(Collected data)
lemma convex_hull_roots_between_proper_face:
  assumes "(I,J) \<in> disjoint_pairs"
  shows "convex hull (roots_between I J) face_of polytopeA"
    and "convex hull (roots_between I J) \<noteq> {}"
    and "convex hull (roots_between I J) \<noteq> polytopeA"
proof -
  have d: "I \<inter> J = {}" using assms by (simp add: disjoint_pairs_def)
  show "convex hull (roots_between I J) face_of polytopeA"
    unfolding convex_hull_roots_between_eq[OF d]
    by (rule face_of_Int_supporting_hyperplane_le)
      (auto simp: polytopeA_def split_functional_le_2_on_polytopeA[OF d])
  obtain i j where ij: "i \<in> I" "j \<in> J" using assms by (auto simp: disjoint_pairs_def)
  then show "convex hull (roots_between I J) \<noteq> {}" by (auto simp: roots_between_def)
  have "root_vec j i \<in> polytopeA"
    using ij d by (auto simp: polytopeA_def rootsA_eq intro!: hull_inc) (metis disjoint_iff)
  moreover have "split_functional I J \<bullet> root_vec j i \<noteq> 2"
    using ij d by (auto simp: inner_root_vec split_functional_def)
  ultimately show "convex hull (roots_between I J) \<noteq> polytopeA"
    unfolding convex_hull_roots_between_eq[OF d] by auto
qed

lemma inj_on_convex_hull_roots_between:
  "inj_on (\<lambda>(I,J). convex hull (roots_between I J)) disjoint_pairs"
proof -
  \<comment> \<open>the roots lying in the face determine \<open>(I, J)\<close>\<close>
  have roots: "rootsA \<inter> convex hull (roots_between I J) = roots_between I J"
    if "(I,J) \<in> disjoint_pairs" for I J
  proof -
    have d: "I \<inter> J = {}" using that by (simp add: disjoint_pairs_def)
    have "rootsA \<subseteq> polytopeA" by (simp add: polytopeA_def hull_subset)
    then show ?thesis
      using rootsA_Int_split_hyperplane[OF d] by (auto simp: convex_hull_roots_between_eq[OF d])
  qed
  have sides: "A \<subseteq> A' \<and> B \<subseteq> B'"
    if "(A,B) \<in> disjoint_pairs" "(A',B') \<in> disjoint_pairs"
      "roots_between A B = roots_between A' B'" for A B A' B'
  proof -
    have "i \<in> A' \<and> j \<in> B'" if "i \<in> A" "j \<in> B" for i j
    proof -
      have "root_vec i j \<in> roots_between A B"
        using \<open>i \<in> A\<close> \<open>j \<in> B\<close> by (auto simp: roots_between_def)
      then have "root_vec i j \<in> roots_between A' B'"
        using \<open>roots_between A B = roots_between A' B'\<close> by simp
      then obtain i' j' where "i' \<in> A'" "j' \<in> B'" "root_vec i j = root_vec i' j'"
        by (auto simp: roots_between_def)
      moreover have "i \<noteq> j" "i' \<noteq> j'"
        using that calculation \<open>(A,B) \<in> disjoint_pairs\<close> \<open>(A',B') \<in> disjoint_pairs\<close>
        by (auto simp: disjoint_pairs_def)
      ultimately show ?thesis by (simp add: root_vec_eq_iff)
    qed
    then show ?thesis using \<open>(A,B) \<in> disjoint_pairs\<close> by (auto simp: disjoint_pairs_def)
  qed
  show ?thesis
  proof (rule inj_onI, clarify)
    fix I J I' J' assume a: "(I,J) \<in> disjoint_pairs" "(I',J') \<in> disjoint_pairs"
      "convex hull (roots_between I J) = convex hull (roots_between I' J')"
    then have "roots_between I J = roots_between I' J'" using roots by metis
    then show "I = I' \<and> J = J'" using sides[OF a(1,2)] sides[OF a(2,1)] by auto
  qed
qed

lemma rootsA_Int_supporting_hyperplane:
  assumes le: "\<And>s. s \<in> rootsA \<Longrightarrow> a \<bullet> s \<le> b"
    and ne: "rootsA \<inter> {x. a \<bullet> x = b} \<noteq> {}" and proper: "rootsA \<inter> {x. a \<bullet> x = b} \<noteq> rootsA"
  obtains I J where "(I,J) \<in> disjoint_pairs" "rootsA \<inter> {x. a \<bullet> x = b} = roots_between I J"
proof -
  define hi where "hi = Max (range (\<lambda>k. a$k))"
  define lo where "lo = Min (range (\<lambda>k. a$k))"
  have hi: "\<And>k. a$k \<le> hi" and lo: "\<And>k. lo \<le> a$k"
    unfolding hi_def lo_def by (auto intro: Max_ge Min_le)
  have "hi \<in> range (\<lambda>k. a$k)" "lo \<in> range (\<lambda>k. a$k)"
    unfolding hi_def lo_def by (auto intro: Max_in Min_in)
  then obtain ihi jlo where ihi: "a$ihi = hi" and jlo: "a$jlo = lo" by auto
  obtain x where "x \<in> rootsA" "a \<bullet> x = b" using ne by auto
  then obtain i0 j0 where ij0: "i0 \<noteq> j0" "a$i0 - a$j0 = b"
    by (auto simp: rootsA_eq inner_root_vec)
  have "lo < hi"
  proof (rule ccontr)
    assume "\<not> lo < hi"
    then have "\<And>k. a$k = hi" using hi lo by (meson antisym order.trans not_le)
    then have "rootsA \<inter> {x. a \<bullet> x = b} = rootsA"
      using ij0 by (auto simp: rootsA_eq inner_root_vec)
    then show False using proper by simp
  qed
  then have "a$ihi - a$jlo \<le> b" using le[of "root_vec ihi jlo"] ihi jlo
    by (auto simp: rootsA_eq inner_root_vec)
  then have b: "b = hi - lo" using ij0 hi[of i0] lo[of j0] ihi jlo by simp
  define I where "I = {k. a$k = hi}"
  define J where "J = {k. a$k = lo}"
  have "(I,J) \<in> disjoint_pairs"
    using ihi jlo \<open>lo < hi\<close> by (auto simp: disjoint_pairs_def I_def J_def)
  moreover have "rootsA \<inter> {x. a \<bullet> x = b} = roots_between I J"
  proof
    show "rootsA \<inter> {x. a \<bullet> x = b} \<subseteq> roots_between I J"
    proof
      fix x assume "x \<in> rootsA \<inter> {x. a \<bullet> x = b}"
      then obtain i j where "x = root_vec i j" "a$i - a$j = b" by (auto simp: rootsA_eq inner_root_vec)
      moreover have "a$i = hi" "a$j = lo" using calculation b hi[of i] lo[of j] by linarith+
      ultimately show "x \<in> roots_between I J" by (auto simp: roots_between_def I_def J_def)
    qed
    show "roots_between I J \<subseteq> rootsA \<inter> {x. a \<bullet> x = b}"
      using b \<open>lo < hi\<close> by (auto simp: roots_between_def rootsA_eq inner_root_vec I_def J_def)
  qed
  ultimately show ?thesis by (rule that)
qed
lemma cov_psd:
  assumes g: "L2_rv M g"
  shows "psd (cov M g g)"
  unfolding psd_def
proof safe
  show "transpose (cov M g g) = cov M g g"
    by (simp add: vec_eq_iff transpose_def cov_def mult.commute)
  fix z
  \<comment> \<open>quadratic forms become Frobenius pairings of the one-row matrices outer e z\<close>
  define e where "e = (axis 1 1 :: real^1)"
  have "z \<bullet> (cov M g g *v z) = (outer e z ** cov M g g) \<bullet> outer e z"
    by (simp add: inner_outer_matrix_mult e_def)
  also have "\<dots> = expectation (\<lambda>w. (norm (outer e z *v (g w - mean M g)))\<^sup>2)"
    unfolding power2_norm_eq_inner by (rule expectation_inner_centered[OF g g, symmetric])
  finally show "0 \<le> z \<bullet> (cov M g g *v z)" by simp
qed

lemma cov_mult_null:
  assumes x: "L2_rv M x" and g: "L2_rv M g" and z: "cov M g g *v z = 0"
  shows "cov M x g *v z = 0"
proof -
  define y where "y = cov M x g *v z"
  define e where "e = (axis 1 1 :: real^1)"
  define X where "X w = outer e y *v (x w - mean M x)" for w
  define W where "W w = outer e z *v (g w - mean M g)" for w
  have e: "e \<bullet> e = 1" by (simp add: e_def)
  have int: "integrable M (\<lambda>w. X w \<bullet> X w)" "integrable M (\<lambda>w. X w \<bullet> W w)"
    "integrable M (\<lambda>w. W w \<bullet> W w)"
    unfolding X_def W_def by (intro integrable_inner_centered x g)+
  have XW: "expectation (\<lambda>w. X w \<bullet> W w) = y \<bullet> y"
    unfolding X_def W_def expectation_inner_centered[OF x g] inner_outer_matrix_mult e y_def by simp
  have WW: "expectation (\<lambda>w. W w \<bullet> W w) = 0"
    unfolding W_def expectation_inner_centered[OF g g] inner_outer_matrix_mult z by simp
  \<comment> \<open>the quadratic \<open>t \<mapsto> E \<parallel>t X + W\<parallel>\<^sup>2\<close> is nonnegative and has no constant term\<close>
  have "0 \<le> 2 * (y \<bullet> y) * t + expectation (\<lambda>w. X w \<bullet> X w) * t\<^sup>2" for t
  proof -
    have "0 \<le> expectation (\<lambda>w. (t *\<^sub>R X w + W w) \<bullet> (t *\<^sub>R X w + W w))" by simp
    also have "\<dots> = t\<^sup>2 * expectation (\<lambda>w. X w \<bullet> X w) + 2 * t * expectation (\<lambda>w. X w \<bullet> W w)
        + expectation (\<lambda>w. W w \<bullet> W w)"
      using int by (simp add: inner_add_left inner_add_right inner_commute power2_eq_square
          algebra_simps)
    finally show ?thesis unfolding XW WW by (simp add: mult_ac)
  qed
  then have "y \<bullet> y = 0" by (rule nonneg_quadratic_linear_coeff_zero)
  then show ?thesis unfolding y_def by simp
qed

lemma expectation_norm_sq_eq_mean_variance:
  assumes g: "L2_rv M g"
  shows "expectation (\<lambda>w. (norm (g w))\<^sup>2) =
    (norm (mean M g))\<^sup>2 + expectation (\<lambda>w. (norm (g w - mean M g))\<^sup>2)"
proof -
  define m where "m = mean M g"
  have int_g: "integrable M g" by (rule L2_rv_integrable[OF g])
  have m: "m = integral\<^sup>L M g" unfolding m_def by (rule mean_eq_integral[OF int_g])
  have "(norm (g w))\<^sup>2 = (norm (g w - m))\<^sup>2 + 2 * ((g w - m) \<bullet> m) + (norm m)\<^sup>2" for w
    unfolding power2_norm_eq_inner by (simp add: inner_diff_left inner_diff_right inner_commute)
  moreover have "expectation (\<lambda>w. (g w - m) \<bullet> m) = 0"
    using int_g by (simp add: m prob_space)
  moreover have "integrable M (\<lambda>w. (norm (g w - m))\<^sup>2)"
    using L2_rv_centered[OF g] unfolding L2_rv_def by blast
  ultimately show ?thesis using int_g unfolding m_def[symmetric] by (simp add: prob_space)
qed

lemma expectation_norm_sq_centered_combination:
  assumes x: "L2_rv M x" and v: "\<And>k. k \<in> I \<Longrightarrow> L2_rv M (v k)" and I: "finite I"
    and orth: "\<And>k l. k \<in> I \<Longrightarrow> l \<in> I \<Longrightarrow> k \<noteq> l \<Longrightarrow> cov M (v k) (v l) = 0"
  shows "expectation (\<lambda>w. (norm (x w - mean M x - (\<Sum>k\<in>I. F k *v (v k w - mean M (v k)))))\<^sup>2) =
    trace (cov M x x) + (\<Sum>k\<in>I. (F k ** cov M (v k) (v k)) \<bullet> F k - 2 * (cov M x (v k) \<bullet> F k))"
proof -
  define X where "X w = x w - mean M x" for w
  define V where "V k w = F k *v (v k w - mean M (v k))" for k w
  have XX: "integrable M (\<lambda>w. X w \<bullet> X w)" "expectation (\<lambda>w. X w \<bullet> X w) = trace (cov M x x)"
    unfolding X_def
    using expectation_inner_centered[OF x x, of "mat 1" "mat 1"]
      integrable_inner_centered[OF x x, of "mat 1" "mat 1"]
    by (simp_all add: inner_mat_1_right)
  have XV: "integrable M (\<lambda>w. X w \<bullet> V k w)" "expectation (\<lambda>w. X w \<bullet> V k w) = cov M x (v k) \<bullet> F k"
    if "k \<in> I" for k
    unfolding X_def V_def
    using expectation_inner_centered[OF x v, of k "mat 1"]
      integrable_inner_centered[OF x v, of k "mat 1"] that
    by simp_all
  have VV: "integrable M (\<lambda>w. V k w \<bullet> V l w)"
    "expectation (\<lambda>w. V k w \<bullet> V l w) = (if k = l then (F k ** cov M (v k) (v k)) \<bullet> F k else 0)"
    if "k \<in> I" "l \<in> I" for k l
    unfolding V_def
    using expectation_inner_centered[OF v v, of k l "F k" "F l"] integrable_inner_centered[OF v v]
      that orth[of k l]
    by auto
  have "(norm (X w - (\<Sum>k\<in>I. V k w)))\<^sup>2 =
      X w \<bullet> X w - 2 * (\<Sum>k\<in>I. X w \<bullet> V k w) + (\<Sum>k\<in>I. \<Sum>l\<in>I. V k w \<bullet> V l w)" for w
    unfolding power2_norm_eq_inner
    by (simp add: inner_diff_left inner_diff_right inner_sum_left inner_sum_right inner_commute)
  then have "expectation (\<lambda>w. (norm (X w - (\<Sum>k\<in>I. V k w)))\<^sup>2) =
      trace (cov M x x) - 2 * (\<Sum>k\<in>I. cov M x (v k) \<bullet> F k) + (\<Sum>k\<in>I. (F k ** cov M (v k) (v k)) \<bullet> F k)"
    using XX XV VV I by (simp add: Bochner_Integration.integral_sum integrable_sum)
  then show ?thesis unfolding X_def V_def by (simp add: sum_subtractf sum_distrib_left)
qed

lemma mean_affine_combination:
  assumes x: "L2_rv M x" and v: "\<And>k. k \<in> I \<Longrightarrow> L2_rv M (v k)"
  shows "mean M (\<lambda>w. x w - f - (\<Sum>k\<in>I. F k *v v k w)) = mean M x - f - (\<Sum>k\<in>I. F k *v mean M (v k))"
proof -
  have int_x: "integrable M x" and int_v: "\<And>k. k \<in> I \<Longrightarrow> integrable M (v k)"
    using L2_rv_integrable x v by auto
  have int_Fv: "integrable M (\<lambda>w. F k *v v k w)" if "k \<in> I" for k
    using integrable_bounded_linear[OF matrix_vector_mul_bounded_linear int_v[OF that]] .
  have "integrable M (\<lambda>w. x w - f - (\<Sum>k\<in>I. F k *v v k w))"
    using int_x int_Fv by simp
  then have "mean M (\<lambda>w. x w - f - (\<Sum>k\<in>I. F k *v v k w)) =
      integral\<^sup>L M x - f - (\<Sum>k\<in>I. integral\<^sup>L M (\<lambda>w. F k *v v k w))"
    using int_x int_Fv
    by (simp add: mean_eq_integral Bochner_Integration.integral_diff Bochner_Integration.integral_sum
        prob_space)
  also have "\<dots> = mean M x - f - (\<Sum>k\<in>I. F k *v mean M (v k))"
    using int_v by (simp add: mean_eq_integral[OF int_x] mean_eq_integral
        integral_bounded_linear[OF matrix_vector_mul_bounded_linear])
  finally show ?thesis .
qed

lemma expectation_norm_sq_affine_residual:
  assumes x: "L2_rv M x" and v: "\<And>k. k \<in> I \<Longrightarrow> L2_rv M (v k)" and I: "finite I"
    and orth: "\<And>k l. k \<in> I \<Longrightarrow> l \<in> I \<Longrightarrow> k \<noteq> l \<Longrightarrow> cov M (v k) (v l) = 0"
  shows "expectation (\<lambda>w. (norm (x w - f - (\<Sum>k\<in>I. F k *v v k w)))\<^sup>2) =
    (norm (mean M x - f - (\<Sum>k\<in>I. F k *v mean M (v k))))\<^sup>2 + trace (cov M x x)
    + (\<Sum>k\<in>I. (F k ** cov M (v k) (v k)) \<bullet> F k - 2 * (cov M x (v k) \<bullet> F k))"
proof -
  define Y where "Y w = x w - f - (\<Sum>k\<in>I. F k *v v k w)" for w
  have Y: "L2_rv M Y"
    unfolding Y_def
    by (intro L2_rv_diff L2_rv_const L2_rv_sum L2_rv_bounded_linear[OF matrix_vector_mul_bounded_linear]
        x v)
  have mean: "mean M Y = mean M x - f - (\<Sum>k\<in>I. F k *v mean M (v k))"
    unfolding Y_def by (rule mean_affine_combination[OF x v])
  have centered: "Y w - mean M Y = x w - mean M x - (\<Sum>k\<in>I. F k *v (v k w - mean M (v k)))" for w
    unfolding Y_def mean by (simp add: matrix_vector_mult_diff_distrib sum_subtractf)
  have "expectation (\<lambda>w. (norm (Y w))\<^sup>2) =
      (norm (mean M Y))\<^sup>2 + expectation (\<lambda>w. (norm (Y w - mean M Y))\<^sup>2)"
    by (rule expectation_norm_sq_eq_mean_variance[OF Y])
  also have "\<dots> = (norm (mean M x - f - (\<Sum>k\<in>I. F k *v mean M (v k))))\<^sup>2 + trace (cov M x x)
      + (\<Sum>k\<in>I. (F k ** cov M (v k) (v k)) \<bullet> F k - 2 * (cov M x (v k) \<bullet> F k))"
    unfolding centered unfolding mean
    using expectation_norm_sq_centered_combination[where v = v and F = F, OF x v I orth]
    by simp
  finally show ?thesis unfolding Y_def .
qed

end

» TASK PROMPT:
Your answer should be every line above that contains the word "orth".

» FINISHED EXERCISE:
    and orth: "\<And>k l. k \<in> I \<Longrightarrow> l \<in> I \<Longrightarrow> k \<noteq> l \<Longrightarrow> cov M (v k) (v l) = 0"
      that orth[of k l]
    and orth: "\<And>k l. k \<in> I \<Longrightarrow> l \<in> I \<Longrightarrow> k \<noteq> l \<Longrightarrow> cov M (v k) (v l) = 0"
    using expectation_norm_sq_centered_combination[where v = v and F = F, OF x v I orth]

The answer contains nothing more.